- Problem details
Repeat the entries below exactly. Begin with the first line and end with the line that contains "text \<open>Let \<open>\<lambda>\<^sub>1".

- Recorded information
+++

(* For every graph $G$ with $m\ge 2$ edges, \[\lambda_1^2+\lambda_2^2\le m+\big(3\,t(G)\big)^{2/3},\] and the inequality is strict if $t(G)>0$.
   Context: $\lambda_1\ge\lambda_2$ denote the two largest eigenvalues of the adjacency matrix of $G$, and $t(G)$ denotes the number of triangles in $G$. *)

theory Defs
  imports "Jordan_Normal_Form.Char_Poly" "HOL-Library.Multiset"
begin

definition simple_graph :: "nat \<Rightarrow> nat set set \<Rightarrow> bool" where
  "simple_graph n E \<longleftrightarrow> (\<forall>e\<in>E. e \<subseteq> {0..<n} \<and> card e = 2)"

definition adj_mat :: "nat \<Rightarrow> nat set set \<Rightarrow> real mat" where
  "adj_mat n E = mat n n (\<lambda>(i,j). if {i,j} \<in> E then 1 else 0)"

text \<open>Eigenvalues of the adjacency matrix, with multiplicity, in non-increasing order
  (roots of the characteristic polynomial; all real since the matrix is symmetric).\<close>
definition adj_eigs :: "nat \<Rightarrow> nat set set \<Rightarrow> real list" where
  "adj_eigs n E = rev (sorted_list_of_multiset (proots (char_poly (adj_mat n E))))"

definition lambda1 :: "nat \<Rightarrow> nat set set \<Rightarrow> real" where
  "lambda1 n E = adj_eigs n E ! 0"

definition lambda2 :: "nat \<Rightarrow> nat set set \<Rightarrow> real" where
  "lambda2 n E = adj_eigs n E ! 1"

definition triangles :: "nat \<Rightarrow> nat set set \<Rightarrow> nat" where
  "triangles n E = card {T. T \<subseteq> {0..<n} \<and> card T = 3 \<and> (\<forall>x\<in>T. \<forall>y\<in>T. x \<noteq> y \<longrightarrow> {x,y} \<in> E)}"

end

theory Submission
  imports Defs "Jordan_Normal_Form.Schur_Decomposition" "HOL-Analysis.Convex"
begin

text \<open>Let \<open>\<lambda>\<^sub>1 \<ge> \<dots> \<ge> \<lambda>\<^sub>n\<close> be the eigenvalues of the adjacency matrix. Counting closed walks gives
  \<open>\<Sum> \<lambda>\<^sub>i = 0\<close>, \<open>\<Sum> \<lambda>\<^sub>i\<^sup>2 = 2m\<close>, \<open>\<Sum> \<lambda>\<^sub>i\<^sup>3 = 6t\<close> and \<open>\<Sum> \<lambda>\<^sub>i\<^sup>p \<ge> 0\<close> for odd \<open>p\<close>;
  the last forces \<open>\<lambda>\<^sub>i \<ge> -\<lambda>\<^sub>1\<close> for all \<open>i\<close>. What remains is an inequality about real numbers.
  If \<open>\<lambda>\<^sub>2 \<ge> 0\<close>, write the negative eigenvalues as \<open>-q\<^sub>j\<close> with \<open>0 < q\<^sub>j \<le> \<lambda>\<^sub>1\<close>. Since
  \<open>\<lambda>\<^sub>1\<^sup>2 + \<lambda>\<^sub>2\<^sup>2 = (\<lambda>\<^sub>1\<^sup>3)\<^bsup>2/3\<^esup> + (\<lambda>\<^sub>2\<^sup>3)\<^bsup>2/3\<^esup>\<close> and \<open>\<Sum> q\<^sub>j\<^sup>3 \<ge> \<lambda>\<^sub>1\<^sup>3 + \<lambda>\<^sub>2\<^sup>3 - 6t\<close>,
  concavity and subadditivity of \<open>s \<mapsto> s\<^bsup>2/3\<^esup>\<close> give
  \<open>\<lambda>\<^sub>1\<^sup>2 + \<lambda>\<^sub>2\<^sup>2 \<le> \<Sum> q\<^sub>j\<^sup>2 + 2 (3t)\<^bsup>2/3\<^esup> \<le> 2m - \<lambda>\<^sub>1\<^sup>2 - \<lambda>\<^sub>2\<^sup>2 + 2 (3t)\<^bsup>2/3\<^esup>\<close>.
  If \<open>\<lambda>\<^sub>2 < 0\<close>, all eigenvalues but \<open>\<lambda>\<^sub>1\<close> are at most \<open>\<lambda>\<^sub>2\<close>, and an elementary polynomial
  estimate bounds \<open>2(\<lambda>\<^sub>1\<^sup>2 + \<lambda>\<^sub>2\<^sup>2 - m)\<close> in terms of \<open>t\<close> directly.\<close>

section \<open>The concave function \<open>s\<^bsup>2/3\<^esup>\<close>\<close>

definition pow23 :: "real \<Rightarrow> real" where
  "pow23 s = s powr (2/3)"

lemma pow23_concave: "concave_on {0<..} pow23"
  unfolding concave_on_def pow23_def
proof (rule f''_ge0_imp_convex[where f'="\<lambda>x. -(2/3) * x powr (-1/3)" and f''="\<lambda>x. (2/9) * x powr (-4/3)"])
  show "convex {0::real<..}" by simp
  fix x :: real assume x: "x \<in> {0<..}"
  show "((\<lambda>x. - (x powr (2/3))) has_real_derivative - (2/3) * x powr (- 1/3)) (at x)"
    using x by (auto intro!: derivative_eq_intros simp: powr_diff field_simps)
  show "((\<lambda>x. - (2/3) * x powr (- 1/3)) has_real_derivative 2/9 * x powr (- 4/3)) (at x)"
    using x by (auto intro!: derivative_eq_intros simp: powr_diff field_simps)
  show "0 \<le> 2/9 * x powr (- 4/3)" by simp
qed

lemma pow23_nonneg: "0 \<le> pow23 s"
  by (simp add: pow23_def)

lemma pow23_0 [simp]: "pow23 0 = 0"
  by (simp add: pow23_def)

lemma pow23_pos: "0 < s \<Longrightarrow> 0 < pow23 s"
  by (simp add: pow23_def)

lemma pow23_mono: "0 \<le> a \<Longrightarrow> a \<le> b \<Longrightarrow> pow23 a \<le> pow23 b"
  by (simp add: pow23_def powr_mono2)

lemma pow23_cube:
  assumes "0 \<le> x"
  shows "pow23 (x^3) = x^2"
proof -
  have "(x^3) powr (2/3) = (x powr 3) powr (2/3)"
    using assms by (simp add: powr_realpow')
  also have "\<dots> = x powr 2"
    by (simp add: powr_powr)
  also have "\<dots> = x^2"
    using assms by (simp add: powr_realpow')
  finally show ?thesis by (simp add: pow23_def)
qed

lemma pow23_subadd_strict:
  assumes "0 < a" "0 < b"
  shows "pow23 (a + b) < pow23 a + pow23 b"
proof -
  have split: "pow23 s = s * s powr (-1/3)" if "0 < s" for s
    using that by (simp add: pow23_def powr_add[symmetric] powr_mult_base)
  have "(a + b) powr (-1/3) < a powr (-1/3)" "(a + b) powr (-1/3) < b powr (-1/3)"
    using assms by (auto intro: powr_less_mono2_neg)
  then have "a * (a + b) powr (-1/3) + b * (a + b) powr (-1/3) < a * a powr (-1/3) + b * b powr (-1/3)"
    using assms by (intro add_strict_mono mult_strict_left_mono) auto
  then show ?thesis
    using assms by (simp add: split distrib_right[symmetric])
qed

lemma pow23_subadd: "0 \<le> a \<Longrightarrow> 0 \<le> b \<Longrightarrow> pow23 (a + b) \<le> pow23 a + pow23 b"
  using pow23_subadd_strict[of a b] by (cases "a = 0"; cases "b = 0") (auto simp: pow23_nonneg)

lemma pow23_double_strict: "0 < s \<Longrightarrow> pow23 s < 2 * pow23 (s/2)"
  using pow23_subadd_strict[of "s/2" "s/2"] by simp

lemma pow23_double: "0 \<le> s \<Longrightarrow> pow23 s \<le> 2 * pow23 (s/2)"
  using pow23_subadd[of "s/2" "s/2"] by simp

lemma pow23_spread_le:
  assumes "0 \<le> c" "c \<le> a" "a \<le> d" "c \<le> b" "b \<le> d" "a + b = c + d"
  shows "pow23 c + pow23 d \<le> pow23 a + pow23 b"
proof -
  consider "c = 0" | "c = d" | "0 < c" "c < d"
    using assms by linarith
  then show ?thesis
  proof cases
    case 1
    then show ?thesis using pow23_subadd[of a b] assms by simp
  next
    case 2
    then show ?thesis using assms by (simp add: antisym)
  next
    case 3
    define \<theta> where "\<theta> = (a - c) / (d - c)"
    have \<theta>: "0 \<le> \<theta>" "\<theta> \<le> 1" "\<theta> * (d - c) = a - c"
      using assms 3 by (auto simp: \<theta>_def field_simps)
    have a: "a = (1 - \<theta>) *\<^sub>R c + \<theta> *\<^sub>R d" and b: "b = (1 - (1 - \<theta>)) *\<^sub>R c + (1 - \<theta>) *\<^sub>R d"
      using \<theta>(3) assms(6) by (simp_all add: algebra_simps)
    have "(1 - \<theta>) * pow23 c + \<theta> * pow23 d \<le> pow23 a"
      unfolding a by (rule concave_onD[OF pow23_concave]) (use \<theta> 3 in auto)
    moreover have "(1 - (1 - \<theta>)) * pow23 c + (1 - \<theta>) * pow23 d \<le> pow23 b"
      unfolding b by (rule concave_onD[OF pow23_concave]) (use \<theta> 3 in auto)
    ultimately show ?thesis by (simp add: algebra_simps)
  qed
qed

lemma pow23_midpoint: "0 \<le> a \<Longrightarrow> 0 \<le> b \<Longrightarrow> pow23 a + pow23 b \<le> 2 * pow23 ((a + b)/2)"
  using pow23_spread_le[of "min a b" "(a + b)/2" "max a b" "(a + b)/2"]
  by (cases "a \<le> b") (auto simp: min_def max_def add.commute)

text \<open>Lower bound for \<open>\<Sum> pow23 u\<^sub>i\<close> over \<open>0 \<le> u\<^sub>i \<le> X\<close> with \<open>\<Sum> u\<^sub>i = s\<close>: by concavity the
  extremal configuration fills blocks of size \<open>X\<close>. Only the first two blocks are needed below.\<close>
definition block_pow23 :: "real \<Rightarrow> real \<Rightarrow> real" where
  "block_pow23 X s =
    (if s \<le> X then pow23 s else if s \<le> 2 * X then pow23 X + pow23 (s - X) else 2 * pow23 X)"

lemma block_pow23_mono:
  assumes "0 \<le> X" "0 \<le> s" "s \<le> s'"
  shows "block_pow23 X s \<le> block_pow23 X s'"
proof -
  have "pow23 (s - X) \<le> pow23 X" if "X \<le> s" "s \<le> 2 * X" for s
    using that pow23_mono[of "s - X" X] by auto
  then show ?thesis
    using assms pow23_mono[of s s'] pow23_mono[of s X] pow23_mono[of "s - X" "s' - X"]
      pow23_nonneg[of "s' - X"] pow23_nonneg[of X]
    unfolding block_pow23_def by (auto split: if_splits)
qed

lemma block_pow23_nonneg: "0 \<le> X \<Longrightarrow> 0 \<le> s \<Longrightarrow> 0 \<le> block_pow23 X s"
  using block_pow23_mono[of X 0 s] by (simp add: block_pow23_def)

lemma block_pow23_pos: "0 < X \<Longrightarrow> 0 < s \<Longrightarrow> 0 < block_pow23 X s"
  unfolding block_pow23_def using pow23_pos[of s] pow23_pos[of X] pow23_nonneg[of "s - X"] by auto

lemma block_pow23_add_le:
  assumes "0 \<le> X" "0 \<le> s" "0 \<le> u" "u \<le> X"
  shows "block_pow23 X (s + u) \<le> block_pow23 X s + pow23 u"
proof -
  consider "s + u \<le> X" | "s \<le> X" "X < s + u" | "X < s" "s + u \<le> 2 * X"
    | "X < s" "s \<le> 2 * X" "2 * X < s + u" | "2 * X < s"
    using assms by linarith
  then show ?thesis
  proof cases
    case 1
    then show ?thesis using pow23_subadd[of s u] assms by (simp add: block_pow23_def)
  next
    case 2
    have "pow23 (s + u - X) + pow23 X \<le> pow23 s + pow23 u"
      using 2 assms by (intro pow23_spread_le) auto
    then show ?thesis using 2 assms by (simp add: block_pow23_def)
  next
    case 3
    have "pow23 (s - X + u) \<le> pow23 (s - X) + pow23 u"
      using 3 assms by (intro pow23_subadd) auto
    then show ?thesis using 3 assms by (simp add: block_pow23_def algebra_simps)
  next
    case 4
    have "pow23 X \<le> pow23 (s - X + u)" "pow23 (s - X + u) \<le> pow23 (s - X) + pow23 u"
      using 4 assms by (auto intro: pow23_mono pow23_subadd)
    then show ?thesis using 4 assms by (simp add: block_pow23_def algebra_simps)
  next
    case 5
    then show ?thesis using assms pow23_nonneg[of u] by (simp add: block_pow23_def)
  qed
qed

lemma block_pow23_cubes_le_squares:
  assumes "0 \<le> x" and qs: "\<forall>q\<in>set qs. 0 \<le> q \<and> q \<le> x"
  shows "block_pow23 (x^3) (sum_list (map (\<lambda>q. q^3) qs)) \<le> sum_list (map (\<lambda>q. q^2) qs)"
  using qs
proof (induction qs)
  case Nil
  then show ?case using assms(1) by (simp add: block_pow23_def)
next
  case (Cons q qs)
  have q: "0 \<le> q" "q \<le> x" and s: "0 \<le> sum_list (map (\<lambda>q. q^3) qs)"
    using Cons.prems by (auto intro!: sum_list_nonneg)
  have "block_pow23 (x^3) (sum_list (map (\<lambda>q. q^3) qs) + q^3)
      \<le> block_pow23 (x^3) (sum_list (map (\<lambda>q. q^3) qs)) + pow23 (q^3)"
    using assms q s by (intro block_pow23_add_le) (auto intro: power_mono)
  then show ?case
    using Cons pow23_cube[OF q(1)] by (simp add: add.commute)
qed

+++

- Response box
(* For every graph $G$ with $m\ge 2$ edges, \[\lambda_1^2+\lambda_2^2\le m+\big(3\,t(G)\big)^{2/3},\] and the inequality is strict if $t(G)>0$.
   Context: $\lambda_1\ge\lambda_2$ denote the two largest eigenvalues of the adjacency matrix of $G$, and $t(G)$ denotes the number of triangles in $G$. *)

theory Defs
  imports "Jordan_Normal_Form.Char_Poly" "HOL-Library.Multiset"
begin

definition simple_graph :: "nat \<Rightarrow> nat set set \<Rightarrow> bool" where
  "simple_graph n E \<longleftrightarrow> (\<forall>e\<in>E. e \<subseteq> {0..<n} \<and> card e = 2)"

definition adj_mat :: "nat \<Rightarrow> nat set set \<Rightarrow> real mat" where
  "adj_mat n E = mat n n (\<lambda>(i,j). if {i,j} \<in> E then 1 else 0)"

text \<open>Eigenvalues of the adjacency matrix, with multiplicity, in non-increasing order
  (roots of the characteristic polynomial; all real since the matrix is symmetric).\<close>
definition adj_eigs :: "nat \<Rightarrow> nat set set \<Rightarrow> real list" where
  "adj_eigs n E = rev (sorted_list_of_multiset (proots (char_poly (adj_mat n E))))"

definition lambda1 :: "nat \<Rightarrow> nat set set \<Rightarrow> real" where
  "lambda1 n E = adj_eigs n E ! 0"

definition lambda2 :: "nat \<Rightarrow> nat set set \<Rightarrow> real" where
  "lambda2 n E = adj_eigs n E ! 1"

definition triangles :: "nat \<Rightarrow> nat set set \<Rightarrow> nat" where
  "triangles n E = card {T. T \<subseteq> {0..<n} \<and> card T = 3 \<and> (\<forall>x\<in>T. \<forall>y\<in>T. x \<noteq> y \<longrightarrow> {x,y} \<in> E)}"

end

theory Submission
  imports Defs "Jordan_Normal_Form.Schur_Decomposition" "HOL-Analysis.Convex"
begin

text \<open>Let \<open>\<lambda>\<^sub>1 \<ge> \<dots> \<ge> \<lambda>\<^sub>n\<close> be the eigenvalues of the adjacency matrix. Counting closed walks gives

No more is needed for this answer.